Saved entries

theorem theorem1p6:
  assumes "odd CARD('n)" and "CARD('n) \<ge> 5"
  shows "\<exists>V :: real^'n \<Rightarrow> real^'n.
           line_fibration V \<and> nondegenerate_fibration V \<and> \<not> orth_contact V"
proof -
  obtain e :: "nat \<Rightarrow> 'n" where "bij_betw e {..<CARD('n)} UNIV"
    using ex_bij_betw_nat_finite[of "UNIV :: 'n set"] by (auto simp: atLeast0LessThan)
  then interpret odd_coordinates e
    using assms by unfold_locales
  interpret fib: fibration_data es J E \<kappa>
    by (rule fibration_data)
  show ?thesis
    using fib.line_fibration_V fib.nondegenerate_fibration_V fib.not_orth_contact_V assms(1)
    by blast
qed

end
(* Let $\Lambda$ and $\Lambda'$ be any permutation local limits. Then there exists a sequence of permutations $(\varphi_j)_{j\in\mathbb{N}}$ that converges locally to $\Lambda$ such that the sequence of inverse permutations $(\varphi_j^{-1})_{j\in\mathbb{N}}$ converges locally to $\Lambda'$.
   Context: Let $S$ be the set of all finite permutations. For $\pi\in S_k$ and $\sigma\in S_n$ with $k\le n$, the local density $\rho_k(\pi,\sigma)$ is the number of $i\in\{1,\dots,n-k+1\}$ such that $\sigma(i)\dots\sigma(i+k-1)$ is order-isomorphic to $\pi$, divided by $n-k+1$. A sequence $(\sigma_j)$ with $|\sigma_j|\to\infty$ converges locally to $\Lambda\in[0,1]^S$ if $\rho_{|\pi|}(\pi,\sigma_j)\to\Lambda_\pi$ for every $\pi\in S$. A permutation local limit is a vector $\Lambda\in[0,1]^S$ which is the local limit of some locally convergent sequence of permutations. $\varphi^{-1}$ denotes the inverse permutation. *)

theory Defs
  imports Complex_Main
begin

text \<open>A permutation of size n is represented as the list
  [sigma(1), ..., sigma(n)] shifted to values in {0..<n}; the set S of all
  finite permutations is the set of lists satisfying is_perm.\<close>

definition is_perm :: "nat list \<Rightarrow> bool" where
  "is_perm xs \<longleftrightarrow> distinct xs \<and> set xs = {0..<length xs}"

definition perm_inv :: "nat list \<Rightarrow> nat list" where
  "perm_inv s = map (\<lambda>v. THE i. i < length s \<and> s ! i = v) [0..<length s]"

definition occurs_at :: "nat list \<Rightarrow> nat list \<Rightarrow> nat \<Rightarrow> bool" where
  "occurs_at p s i \<longleftrightarrow> i + length p \<le> length s \<and>
     (\<forall>a < length p. \<forall>b < length p. (s ! (i + a) < s ! (i + b)) \<longleftrightarrow> (p ! a < p ! b))"

text \<open>Local density rho_k(p, s) with k = length p (meaningful for k \<le> length s).\<close>
definition local_density :: "nat list \<Rightarrow> nat list \<Rightarrow> real" where
  "local_density p s =
     real (card {i. i + length p \<le> length s \<and> occurs_at p s i}) /
     real (length s - length p + 1)"

definition converges_locally :: "(nat \<Rightarrow> nat list) \<Rightarrow> (nat list \<Rightarrow> real) \<Rightarrow> bool" where
  "converges_locally sq L \<longleftrightarrow>
     (\<forall>j. is_perm (sq j)) \<and>
     filterlim (\<lambda>j. length (sq j)) at_top sequentially \<and>
     (\<forall>p. is_perm p \<longrightarrow> (\<lambda>j. local_density p (sq j)) \<longlonglongrightarrow> L p)"

definition perm_local_limit :: "(nat list \<Rightarrow> real) \<Rightarrow> bool" where
  "perm_local_limit L \<longleftrightarrow> (\<exists>sq. converges_locally sq L)"

end

theory Submission
  imports Defs
begin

**Work required**
Filter the preceding entries down to the lines with "close".

**Answer section**
  finite permutations is the set of lists satisfying is_perm.\<close>
text \<open>Local density rho_k(p, s) with k = length p (meaningful for k \<le> length s).\<close>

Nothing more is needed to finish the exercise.